Oh..Dynamic IPs that means the same message "you are currently downloading a file, please wait"... !!! 

Seems doubtful...ANyway thanks very much for your reply.


----------



## gameranand (Oct 8, 2011)

go for MTNL 3G much better than any ISP out there.


----------



## Vedanta (Oct 8, 2011)

gameranand said:


> go for MTNL 3G much better than any ISP out there.



Thanks .. and I am going for Micromax MMX 310G 3G USB Modem, seems the best option.. can u please suggest?


----------



## gameranand (Oct 8, 2011)

Well its your call but MTNL have best plans. Rs 4500 for 6 months unlimited.


----------



## Vedanta (Oct 11, 2011)

Yes I will use MTNL with the Micromax modem. Currently I have considered MMX 310G which is max 3.6 mbps and can be used with any sim.. do u think speeds will be more than this limit? I think 7.2 mbps will currently be a waste of money, isn't it?


----------



## gameranand (Oct 13, 2011)

Yes opt for 3.6 for now but if you want to be future prood then you can go for 7.2


----------



## gurujee (Oct 13, 2011)

got photon+. seems satisfied with the speed. 
orissa has bsnl. and its slow. photon is  expensive but its worth if u are not dl hungry.

Rs.1200 for 10gb unlimited


----------



## thetechfreak (Oct 13, 2011)

Congrats!
But how is 10 gigs unlimited 

I guess you are lucky as you are getting good speeds!


----------



## JojoTheDragon (Oct 13, 2011)

^ Beware, that 10gb is Upload + Download.


----------



## gameranand (Oct 13, 2011)

thetechfreak said:


> Congrats!
> But how is 10 gigs unlimited
> 
> I guess you are lucky as you are getting good speeds!



He must be talking about FUP.


----------



## gurujee (Oct 15, 2011)

10 gb in 3.1mbps, afterwards speed will be 155kbps


----------



## gameranand (Oct 16, 2011)

thats terrible.


----------



## asingh (Oct 16, 2011)

gameranand said:


> He must be talking about FUP.




I doubt they FUP. I have the 15GB plan, once I cross it they start to charge me extra but the speeds remain the same.


----------



## gurujee (Oct 18, 2011)

JojoTheDragon said:


> ^ Beware, that 10gb is Upload + Download.



yes, its shocking...i wasnt aware of this.

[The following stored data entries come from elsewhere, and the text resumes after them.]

text \<open>This is where idempotence is used: every element of I is a product of two elements of I.\<close>

lemma separated_plus: "separated M I (plus_obj A)"
  unfolding separated_def
proof (intro ballI impI)
  fix \<phi> \<psi> assume "\<phi> \<in> fst (plus_obj A)" "\<psi> \<in> fst (plus_obj A)"
    and eq: "\<forall>y\<in>I. snd (plus_obj A) \<phi> y = snd (plus_obj A) \<psi> y"
  hence ext: "\<phi> \<in> extensional I" "\<psi> \<in> extensional I" unfolding mem_plus by auto
  show "\<phi> = \<psi>"
  proof (rule extensionalityI[OF ext])
    fix z assume "z \<in> I"
    then obtain x y where xy: "x \<in> I" "y \<in> I" "z = x \<otimes> y" using ideal_factor by blast
    have "snd (plus_obj A) \<phi> x y = snd (plus_obj A) \<psi> x y" using eq xy by simp
    thus "\<phi> z = \<psi> z" unfolding plus_act using xy by simp
  qed
qed

text \<open>A morphism \<Phi> : I \<rightarrow> Hom(I, A) assigns \<Phi> s y to the product s y; for separated A this
  depends only on the product, which lets \<Phi> be glued to a single element of Hom(I, A).\<close>

lemma plus_hom_compatible:
  assumes sep: "separated M I A" and Ph: "mhom M (I, mult M) (plus_obj A) \<Phi>"
    and s: "s \<in> I" and y: "y \<in> I" and s': "s' \<in> I" and y': "y' \<in> I" and eq: "s \<otimes> y = s' \<otimes> y'"
  shows "\<Phi> s y = \<Phi> s' y'"
proof -
  have val: "\<Phi> s y \<in> fst A" if "s \<in> I" "y \<in> I" for s y
    using mhomD(1)[OF Ph] that unfolding mem_plus by auto
  have act: "snd A (\<Phi> s y) t = \<Phi> (s \<otimes> y) t" if s: "s \<in> I" and y: "y \<in> I" and t: "t \<in> I" for s y t
  proof -
    have "\<Phi> (s \<otimes> y) t = snd (plus_obj A) (\<Phi> s) y t" using mhomD(2)[OF Ph] s ideal_carrier[OF y] by simp
    also have "\<dots> = \<Phi> s (y \<otimes> t)" unfolding plus_act using t by simp
    also have "\<dots> = snd A (\<Phi> s y) t"
      using mhomD(1)[OF Ph] s y ideal_carrier[OF t] unfolding mem_plus by auto
    finally show ?thesis by simp
  qed
  show ?thesis using separatedD[OF sep val[OF s y] val[OF s' y']] act s y s' y' eq by simp
qed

Just sent a 700mb file to my bro. and checked the upload is calculated as cumulative usage...


----------



## gameranand (Oct 18, 2011)

asingh said:


> I doubt they FUP. I have the 15GB plan, once I cross it they start to charge me extra but the speeds remain the same.



Acually he said about UL so I thought its FUP. Thanks for clarification.


----------



## vidhubhushan (Oct 24, 2011)

this 10GB comes under FUP (10GB Unlimited plan). this 10GB is upload + download and after this the speed goes down to 150 something


----------